The DMZ is a few-mile wide strip between the North and South which has been constantly stacked with troops on both sides for six decades. Land mines also speckle the length of the zone.
After a several day goodwill visit with women in North Korea – documented with streaming video feed – Women Cross DMZ traversed the zone by bus. The group received express permission from both Pyongyang and Seoul for the crossing. For Steinem, the DMZ that splits the Korean peninsula is packed with emotional power: “it’s hard to imagine any more physical symbol of the insanity of dividing human beings,” she said last month in a public event announcement.
Few would argue with the contention that the DMZ is a politically-fraught demarcation. But some analysts have argued that Women Cross DMZ’s approach invoked an unjustifiable argument that insisted on a false equivalency between the two sides. By calling for peace and tolerance from both sides, these analysts allege, Steinem and her fellow marchers essentially endorsed the North Korean government as legitimate. Furthermore, their insistence on keeping the event as balanced and apolitical as possible was an immoral choice in light of systemic human rights abuses propagated by the so-called “Hermit Kingdom.” One op-ed argued that casting peace as a feminist issue was particularly pernicious, given the well-documented gender-based violence throughout the North.
Those holding this view met Women Cross DMZ with a protest on the South Korean side of the border.
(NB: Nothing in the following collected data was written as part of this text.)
(* Let $C\subset V(\tfrac12 H^{0}_{24})$ be a union of spheres such that $\chi_C$ is a perfect coloring of $\tfrac12 H^{0}_{24}$ with parameters $((20+c,\,256-c)(c,\,276-c))$. Then either $c$ is divisible by $3$ or $c\ge 25$.
   Context: $E^{24}$ is the set of binary words of length $24$ with Hamming distance. $\tfrac12 H^{0}_{24}$ is the graph on even-weight words of $E^{24}$, adjacent iff at Hamming distance exactly $2$ (degree $276$). A sphere is a set $S\subset V(\tfrac12 H^{0}_{24})$ consisting of all $24$ words at Hamming distance $1$ from some odd-weight word (its center). For a set $C$ with $\emptyset\ne C\subsetneq V$, $\chi_C$ is a perfect coloring with parameters $((a,b)(c,d))$ if every vertex of $C$ has exactly $a$ neighbours in $C$ and $b$ outside, and every vertex outside $C$ has exactly $c$ neighbours in $C$ and $d$ outside. *)

theory Defs
  imports Main
begin

text \<open>Binary words of length 24 are represented by their supports: subsets of {..<24}.\<close>

definition word24 :: "nat set \<Rightarrow> bool" where
  "word24 x \<longleftrightarrow> x \<subseteq> {..<24}"

definition hdist :: "nat set \<Rightarrow> nat set \<Rightarrow> nat" where
  "hdist x y = card ((x - y) \<union> (y - x))"

text \<open>Vertex set of the halved 24-cube: even-weight words.\<close>
definition V24 :: "nat set set" where
  "V24 = {x. word24 x \<and> even (card x)}"

definition adj24 :: "nat set \<Rightarrow> nat set \<Rightarrow> bool" where
  "adj24 x y \<longleftrightarrow> hdist x y = 2"

definition nbrs24 :: "nat set \<Rightarrow> nat set set" where
  "nbrs24 x = {y \<in> V24. adj24 x y}"

definition sphere24 :: "nat set \<Rightarrow> nat set set" where
  "sphere24 z = {x. word24 x \<and> hdist x z = 1}"

definition union_of_spheres :: "nat set set \<Rightarrow> bool" where
  "union_of_spheres C \<longleftrightarrow>
     (\<exists>Z. (\<forall>z\<in>Z. word24 z \<and> odd (card z)) \<and> C = \<Union> (sphere24 ` Z))"

definition perfect_coloring24 :: "nat set set \<Rightarrow> int \<Rightarrow> int \<Rightarrow> int \<Rightarrow> int \<Rightarrow> bool" where
  "perfect_coloring24 C a b c d \<longleftrightarrow>
     C \<noteq> {} \<and> C \<subset> V24 \<and>
     (\<forall>x\<in>C. int (card (nbrs24 x \<inter> C)) = a \<and> int (card (nbrs24 x - C)) = b) \<and>
     (\<forall>x\<in>V24 - C. int (card (nbrs24 x \<inter> C)) = c \<and> int (card (nbrs24 x - C)) = d)"

end

theory Submission
  imports Defs
begin

(* Write C as the union of the spheres with centers in a set Z of odd words.
   A sphere is a 24-clique of the halved cube, and two distinct spheres share at most
   two words.  Hence, if two spheres of C overlap in a word x, then x has at least
   24 + 24 - 2 - 1 = 45 neighbours in C, i.e. 20 + c >= 45 and c >= 25.
   Otherwise the spheres are pairwise disjoint and |C| = 24 |Z|.  Counting the edges
   between C and its complement in two ways gives |C| (256 - c) = (|V| - |C|) c, and
   with |V| = 2^23 this becomes 2^8 * 24 |Z| = 2^23 c, so 3 divides c. *)

definition symdiff :: "'a set \<Rightarrow> 'a set \<Rightarrow> 'a set" where
  "symdiff x y = (x - y) \<union> (y - x)"

lemma hdist_symdiff: "hdist x y = card (symdiff x y)"
  by (simp add: hdist_def symdiff_def)

lemma symdiff_commute: "symdiff x y = symdiff y x"
  by (auto simp: symdiff_def)

lemma hdist_sym: "hdist x y = hdist y x"
  by (simp add: hdist_symdiff symdiff_commute)

lemma symdiff_symdiff: "symdiff (symdiff x A) A = x"
  by (auto simp: symdiff_def)

lemma even_flip_iff:
  assumes "finite x"
  shows "even (card (symdiff x {i})) \<longleftrightarrow> odd (card x)"
proof (cases "i \<in> x")
  case True
  hence "symdiff x {i} = x - {i}" by (auto simp: symdiff_def)
  moreover have "card x \<ge> 1" using True assms by (metis One_nat_def Suc_leI card_gt_0_iff empty_iff)
  ultimately show ?thesis using True assms by auto
next
  case False
  hence "symdiff x {i} = insert i x" by (auto simp: symdiff_def)
  thus ?thesis using False assms by simp
qed

lemma inj_flip: "inj_on (\<lambda>i. symdiff z {i}) A"
proof (rule inj_onI)
  fix i j assume "symdiff z {i} = symdiff z {j}"
  hence "i \<in> symdiff z {j} \<longleftrightarrow> i \<in> symdiff z {i}" by simp
  thus "i = j" by (auto simp: symdiff_def)
qed

lemma finite_word: "word24 z \<Longrightarrow> finite z"
  by (auto simp: word24_def intro: finite_subset)

lemma sphere_eq_flips:
  assumes "word24 z"
  shows "sphere24 z = (\<lambda>i. symdiff z {i}) ` {..<24}"
proof
  show "sphere24 z \<subseteq> (\<lambda>i. symdiff z {i}) ` {..<24}"
  proof
    fix x assume "x \<in> sphere24 z"
    hence w: "word24 x" and "card (symdiff x z) = 1"
      by (auto simp: sphere24_def hdist_symdiff)
    then obtain i where i: "symdiff x z = {i}" using card_1_singletonE by blast
    have "i \<in> x \<union> z" using i by (auto simp: symdiff_def)
    hence "i < 24" using w assms by (auto simp: word24_def)
    moreover have "x = symdiff z {i}" using i[symmetric] by (auto simp: symdiff_def)
    ultimately show "x \<in> (\<lambda>i. symdiff z {i}) ` {..<24}" by auto
  qed
next
  show "(\<lambda>i. symdiff z {i}) ` {..<24} \<subseteq> sphere24 z"
  proof
    fix x assume "x \<in> (\<lambda>i. symdiff z {i}) ` {..<24}"
    then obtain i where i: "i < 24" "x = symdiff z {i}" by auto
    have "symdiff x z = {i}" using i by (auto simp: symdiff_def)
    moreover have "word24 x" using i assms by (auto simp: word24_def symdiff_def)
    ultimately show "x \<in> sphere24 z" by (simp add: sphere24_def hdist_symdiff)
  qed
qed

lemma card_sphere: "word24 z \<Longrightarrow> card (sphere24 z) = 24"
  by (simp add: sphere_eq_flips card_image inj_flip)

lemma finite_sphere: "word24 z \<Longrightarrow> finite (sphere24 z)"
  using card_sphere by (metis card.infinite zero_neq_numeral)

lemma sphere_subset_V24:
  assumes "word24 z" "odd (card z)"
  shows "sphere24 z \<subseteq> V24"
  using assms even_flip_iff[OF finite_word[OF assms(1)]]
  by (auto simp: sphere_eq_flips V24_def word24_def symdiff_def)

lemma sphere_clique:
  assumes "word24 z" "odd (card z)" "x \<in> sphere24 z"
  shows "sphere24 z - {x} \<subseteq> nbrs24 x"
proof
  fix y assume y: "y \<in> sphere24 z - {x}"
  obtain i where i: "x = symdiff z {i}" using assms by (auto simp: sphere_eq_flips)
  obtain j where j: "y = symdiff z {j}" using y assms by (auto simp: sphere_eq_flips)
  have "i \<noteq> j" using i j y by auto
  hence "symdiff x y = {i, j}" using i j by (auto simp: symdiff_def)
  hence "adj24 x y" using \<open>i \<noteq> j\<close> by (simp add: adj24_def hdist_symdiff)
  moreover have "y \<in> V24" using y sphere_subset_V24[OF assms(1,2)] by auto
  ultimately show "y \<in> nbrs24 x" by (simp add: nbrs24_def)
qed

(* Distinct spheres meet in at most two words: a common word determines which of the
   two coordinates in which the centers differ is flipped. *)
lemma card_sphere_Int_le:
  assumes "word24 z" "word24 z'" "z \<noteq> z'"
  shows "card (sphere24 z \<inter> sphere24 z') \<le> 2"
proof (cases "sphere24 z \<inter> sphere24 z' = {}")
  case True thus ?thesis by simp
next
  case False
  have common: "\<exists>i j. i \<noteq> j \<and> symdiff z z' = {i, j} \<and> y = symdiff z {i}"
    if y: "y \<in> sphere24 z \<inter> sphere24 z'" for y
  proof -
    obtain i j where i: "y = symdiff z {i}" and j: "y = symdiff z' {j}"
      using y assms(1,2) by (auto simp: sphere_eq_flips)
    have centers: "symdiff z z' = symdiff {i} {j}" using i j by (auto simp: symdiff_def)
    have "i \<noteq> j" using i j assms(3) by (auto simp: symdiff_def)
    moreover have "symdiff z z' = {i, j}" using centers \<open>i \<noteq> j\<close> by (auto simp: symdiff_def)
    ultimately show ?thesis using i by blast
  qed
  have sub: "sphere24 z \<inter> sphere24 z' \<subseteq> (\<lambda>i. symdiff z {i}) ` symdiff z z'"
    using common by fastforce
  from False obtain y where "y \<in> sphere24 z \<inter> sphere24 z'" by auto
  then obtain i j where "i \<noteq> j" "symdiff z z' = {i, j}" using common by blast
  hence "card (symdiff z z') = 2" by simp
  hence "card ((\<lambda>i. symdiff z {i}) ` symdiff z z') = 2" by (simp add: card_image inj_flip)
  thus ?thesis using sub by (metis card_mono finite_imageI card.infinite zero_neq_numeral)
qed

(* Exactly half of the subsets of {..<n} have even size (for n > 0):
   flipping the element 0 swaps even and odd subsets. *)
lemma card_even_subsets:
  assumes "0 < n"
  shows "2 * card {x \<in> Pow {..<n}. even (card x)} = 2 ^ n"
proof -
  define P where "P = Pow {..<n}"
  define Ev where "Ev = {x \<in> P. even (card x)}"
  define Od where "Od = {x \<in> P. odd (card x)}"
  have fin: "finite x" if "x \<in> P" for x using that by (auto simp: P_def intro: finite_subset)
  have flip_P: "symdiff x {0} \<in> P" if "x \<in> P" for x
    using that assms by (auto simp: P_def symdiff_def)
  have "bij_betw (\<lambda>x. symdiff x {0}) Ev Od"
  proof (rule bij_betw_byWitness[where f'="\<lambda>x. symdiff x {0}"])
    show "\<forall>a\<in>Ev. symdiff (symdiff a {0}) {0} = a" "\<forall>a\<in>Od. symdiff (symdiff a {0}) {0} = a"
      by (simp_all add: symdiff_symdiff)
    show "(\<lambda>x. symdiff x {0}) ` Ev \<subseteq> Od" "(\<lambda>x. symdiff x {0}) ` Od \<subseteq> Ev"
      using flip_P even_flip_iff[OF fin] by (auto simp: Ev_def Od_def)
  qed
  hence "card Ev = card Od" by (rule bij_betw_same_card)
  moreover have "P = Ev \<union> Od" "Ev \<inter> Od = {}" "finite P" by (auto simp: Ev_def Od_def P_def)
  moreover have "card P = 2 ^ n" by (simp add: P_def card_Pow)
  ultimately show ?thesis unfolding Ev_def[symmetric] P_def[symmetric]
    by (metis card_Un_disjoint finite_Un mult_2)
qed

lemma V24_eq: "V24 = {x \<in> Pow {..<24}. even (card x)}"
  by (auto simp: V24_def word24_def)

lemma card_V24: "card V24 = 2 ^ 23"
  using card_even_subsets[of 24] by (simp add: V24_eq)

lemma finite_V24: "finite V24"
  by (simp add: V24_eq)

lemma card_cut_edges:
  assumes "finite V" "C \<subseteq> V" "\<And>x y. E x y \<longleftrightarrow> E y x"
  shows "(\<Sum>x\<in>C. card ({y \<in> V. E x y} - C)) = (\<Sum>y\<in>V - C. card ({x \<in> V. E y x} \<inter> C))"
proof -
  have fC: "finite C" using assms(1,2) finite_subset by blast
  have "(\<Sum>x\<in>C. card ({y \<in> V. E x y} - C)) = card (SIGMA x:C. {y \<in> V. E x y} - C)"
    using fC assms(1) by (simp add: card_SigmaI)
  also have "(SIGMA x:C. {y \<in> V. E x y} - C) =
             (\<lambda>(y, x). (x, y)) ` (SIGMA y:V - C. {x \<in> V. E y x} \<inter> C)"
    using assms(2,3) by (auto simp: image_iff)
  also have "card \<dots> = card (SIGMA y:V - C. {x \<in> V. E y x} \<inter> C)"
    by (rule card_image) (auto simp: inj_on_def)
  also have "\<dots> = (\<Sum>y\<in>V - C. card ({x \<in> V. E y x} \<inter> C))"
    using assms(1) by (simp add: card_SigmaI)
  finally show ?thesis .
qed

lemma perfect_coloring_balance:
  assumes "perfect_coloring24 C a b c d"
  shows "int (card C) * b = (2 ^ 23 - int (card C)) * c"
proof -
  have CV: "C \<subseteq> V24" using assms by (auto simp: perfect_coloring24_def)
  have fC: "finite C" using CV finite_V24 finite_subset by blast
  have "(\<Sum>x\<in>C. card (nbrs24 x - C)) = (\<Sum>y\<in>V24 - C. card (nbrs24 y \<inter> C))"
    using card_cut_edges[OF finite_V24 CV, of adj24]
    by (simp add: nbrs24_def adj24_def hdist_sym)
  hence "(\<Sum>x\<in>C. int (card (nbrs24 x - C))) = (\<Sum>y\<in>V24 - C. int (card (nbrs24 y \<inter> C)))"
    by (metis of_nat_sum)
  also have "(\<Sum>x\<in>C. int (card (nbrs24 x - C))) = (\<Sum>x\<in>C. b)"
    using assms by (intro sum.cong) (auto simp: perfect_coloring24_def)
  also have "(\<Sum>y\<in>V24 - C. int (card (nbrs24 y \<inter> C))) = (\<Sum>y\<in>V24 - C. c)"
    using assms by (intro sum.cong) (auto simp: perfect_coloring24_def)
  finally have "int (card C) * b = int (card (V24 - C)) * c" by simp
  moreover have "card (V24 - C) = 2 ^ 23 - card C" "card C \<le> 2 ^ 23"
    using CV fC card_mono[OF finite_V24 CV] by (simp_all add: card_Diff_subset card_V24)
  ultimately show ?thesis by (simp add: of_nat_diff)
qed

lemma overlapping_spheres_neighbours:
  assumes Z: "\<And>z. z \<in> Z \<Longrightarrow> word24 z \<and> odd (card z)" and C: "C = \<Union> (sphere24 ` Z)"
    and z: "z \<in> Z" "z' \<in> Z" "z \<noteq> z'" and x: "x \<in> sphere24 z" "x \<in> sphere24 z'"
  shows "45 \<le> card (nbrs24 x \<inter> C)"
proof -
  have wz: "word24 z" "odd (card z)" "word24 z'" "odd (card z')" using Z z by auto
  have fs: "finite (sphere24 z)" "finite (sphere24 z')" using finite_sphere wz by auto
  have "card (sphere24 z \<union> sphere24 z') + card (sphere24 z \<inter> sphere24 z') = 48"
    using card_Un_Int[OF fs] card_sphere wz by simp
  hence "46 \<le> card (sphere24 z \<union> sphere24 z')"
    using card_sphere_Int_le[OF wz(1,3) z(3)] by linarith
  hence "45 \<le> card ((sphere24 z \<union> sphere24 z') - {x})" using x fs by simp
  moreover have "(sphere24 z \<union> sphere24 z') - {x} \<subseteq> nbrs24 x \<inter> C"
    using sphere_clique[of z x] sphere_clique[of z' x] wz z x C by auto
  moreover have "finite (nbrs24 x \<inter> C)" using finite_V24 by (simp add: nbrs24_def)
  ultimately show ?thesis by (meson card_mono le_trans)
qed

lemma card_disjoint_spheres:
  assumes Z: "\<And>z. z \<in> Z \<Longrightarrow> word24 z"
    and disj: "\<And>z z'. z \<in> Z \<Longrightarrow> z' \<in> Z \<Longrightarrow> z \<noteq> z' \<Longrightarrow> sphere24 z \<inter> sphere24 z' = {}"
  shows "card (\<Union> (sphere24 ` Z)) = 24 * card Z"
proof -
  have "Z \<subseteq> Pow {..<24}" using Z by (auto simp: word24_def)
  hence "finite Z" by (rule finite_subset) simp
  hence "card (\<Union> (sphere24 ` Z)) = (\<Sum>z\<in>Z. card (sphere24 z))"
    using finite_sphere Z disj by (intro card_UN_disjoint) auto
  also have "\<dots> = 24 * card Z" using card_sphere Z by simp
  finally show ?thesis .
qed

theorem lemma8:
  fixes C :: "nat set set" and c :: int
  assumes "union_of_spheres C"
    and "perfect_coloring24 C (20 + c) (256 - c) c (276 - c)"
  shows "3 dvd c \<or> c \<ge> 25"
proof -
  obtain Z where Z: "\<And>z. z \<in> Z \<Longrightarrow> word24 z \<and> odd (card z)" and C: "C = \<Union> (sphere24 ` Z)"
    using assms(1) by (auto simp: union_of_spheres_def)
  show ?thesis
  proof (cases "\<exists>z\<in>Z. \<exists>z'\<in>Z. z \<noteq> z' \<and> sphere24 z \<inter> sphere24 z' \<noteq> {}")
    case True
    then obtain z z' x where "z \<in> Z" "z' \<in> Z" "z \<noteq> z'" "x \<in> sphere24 z" "x \<in> sphere24 z'"
      by blast
    hence "45 \<le> card (nbrs24 x \<inter> C)" and "x \<in> C"
      using overlapping_spheres_neighbours[OF Z C] C by auto
    moreover have "int (card (nbrs24 x \<inter> C)) = 20 + c"
      using \<open>x \<in> C\<close> assms(2) by (simp add: perfect_coloring24_def)
    ultimately show ?thesis by simp
  next
    case False
    hence "card C = 24 * card Z" using card_disjoint_spheres[of Z] Z C by blast
    with perfect_coloring_balance[OF assms(2)]
    have "2 ^ 23 * c = 3 * (2048 * int (card Z))" by (simp add: algebra_simps)
    \<comment> \<open>since 2^24 = 3 * 5592405 + 1\<close>
    hence "c = 3 * (4096 * int (card Z) - 5592405 * c)" by simp
    thus ?thesis by (metis dvd_triv_left)
  qed
qed

end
There were around 500 protesters in all, some of whom were North Korean defectors. Many argued that Steinem was essentially complicit in a pro-Pyongyang PR campaign, since the goodwill visit was with women specifically selected (and presumably strictly coached) by the North Korean government. As one former Seoul legislator put it, “I don’t like the way these ladies, Steinem and so-called Nobel Prize laureates, are participating in this one-sided propaganda event.” He went on to malign the group as “useful idiots in the service of North Korea’s interests.”
Before the march, Steinem defended her choice to follow through with the planned events. “It seems to me that in the past, no contact has not worked. So we feel it’s important that we try reaching out – friendship, contact, walking, doing with our physical selves what we hope can be done politically.”
The debate between engagement and regime isolation closely mirrors the debate surrounding the ethics of North Korean tourism, which could have the positive effect of exposing Northerners to outsiders but still enriches repressive officials. Incidentally, these discussions are unlikely to end any time soon: support for reunification is currently low among South Koreans, who worry about footing the bill for absorbing the Pyongyang-run economy – and the North Korea propaganda machine will surely continue to stage flattering visits for dignitaries eager to give them the benefit of the doubt.